P (heads N times) = (\frac{1}{2})^{N}

Now, you probably already know these formulas if you took a probability class in college or high school.

What you might not have learned there is that geometry is a powerful way of describing probability, specifically when partitioning a set A with all the outcomes of interest.

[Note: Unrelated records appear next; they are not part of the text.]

lemma convex_ereal_epigraph:
  assumes "convex_efun \<phi>"
  shows "convex (ereal_epigraph \<phi>)"
  unfolding convex_alt ereal_epigraph_def
proof (intro ballI allI impI, clarsimp)
  fix x r y s and u :: real
  assume le: "\<phi> x \<le> ereal r" "\<phi> y \<le> ereal s" and u: "0 \<le> u" "u \<le> 1"
  have "\<phi> ((1 - u) *\<^sub>R x + u *\<^sub>R y) \<le> ereal (1 - u) * \<phi> x + ereal u * \<phi> y"
    using assms u unfolding convex_efun_def by blast
  also have "\<dots> \<le> ereal (1 - u) * ereal r + ereal u * ereal s"
    using le u by (intro add_mono ereal_mult_left_mono) auto
  finally show "\<phi> ((1 - u) *\<^sub>R x + u *\<^sub>R y) \<le> ereal ((1 - u) * r + u * s)"
    by simp
qed

section \<open>Legendre transform and the Fenchel--Moreau theorem\<close>

lemma fenchel_young: "ereal (x \<bullet> y) - \<phi> x \<le> legendre \<phi> y"
  unfolding legendre_def by (rule SUP_upper) simp

lemma legendre_leI:
  assumes "\<And>x. ereal (x \<bullet> y) - \<phi> x \<le> c"
  shows "legendre \<phi> y \<le> c"
  unfolding legendre_def by (rule SUP_least) (use assms in simp)

lemma legendre_legendre_le: "legendre (legendre \<phi>) x \<le> \<phi> x"
proof (rule legendre_leI)
  fix y
  show "ereal (y \<bullet> x) - legendre \<phi> y \<le> \<phi> x"
    using fenchel_young[of x y \<phi>]
    by (cases "\<phi> x"; cases "legendre \<phi> y") (auto simp: inner_commute)
qed

lemma legendre_legendre_ge_affine_minorant:
  assumes "\<And>z. ereal (z \<bullet> y - c) \<le> \<phi> z"
  shows "ereal (x \<bullet> y - c) \<le> legendre (legendre \<phi>) x"
proof -
  have "legendre \<phi> y \<le> ereal c"
  proof (rule legendre_leI)
    fix z
    show "ereal (z \<bullet> y) - \<phi> z \<le> ereal c"
      using assms[of z] by (cases "\<phi> z") auto
  qed
  then have "ereal (x \<bullet> y - c) \<le> ereal (y \<bullet> x) - legendre \<phi> y"
    by (cases "legendre \<phi> y") (auto simp: inner_commute)
  also have "\<dots> \<le> legendre (legendre \<phi>) x" by (rule fenchel_young)
  finally show ?thesis .
qed

lemma legendre_neq_MInf:
  assumes "\<phi> x \<noteq> \<infinity>" and "\<phi> x \<noteq> - \<infinity>"
  shows "legendre \<phi> y \<noteq> - \<infinity>"
  using fenchel_young[of x y \<phi>] assms by (cases "\<phi> x") auto

lemma legendre_cmult:
  assumes "c > 0"
  shows "legendre (\<lambda>y. ereal c * \<psi> y) x = ereal c * legendre \<psi> (x /\<^sub>R c)"
proof -
  have "ereal (y \<bullet> x) - ereal c * \<psi> y = ereal c * (ereal (y \<bullet> (x /\<^sub>R c)) - \<psi> y)" for y
    using assms by (cases "\<psi> y") (auto simp: field_simps)
  then have "legendre (\<lambda>y. ereal c * \<psi> y) x = (SUP y. ereal c * (ereal (y \<bullet> (x /\<^sub>R c)) - \<psi> y))"
    unfolding legendre_def by simp
  also have "\<dots> = ereal c * legendre \<psi> (x /\<^sub>R c)"
    unfolding legendre_def using assms by (subst Sup_ereal_mult_left') auto
  finally show ?thesis .
qed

3Blue1Brown's video on Bayes' theorem does a great job of visualizing how one can consider all the possible outcomes (in their example, the profession of a group of people) as a rectangle that can be broken down into overlapping sections from which Bayes' theorem can be derived. You can watch it here.

Applying this to the coin toss question, we can visualize all the possible heads and tails sequences ('HHHTTT', 'HTHTHT', 'HHHHHH', etc) one may get after tossing a coin six times with a similar visualization: a sample space. A sample space is a visualization of all the possible discrete outcomes or paths that may happen for a given experiment. In this example, coin toss sequences.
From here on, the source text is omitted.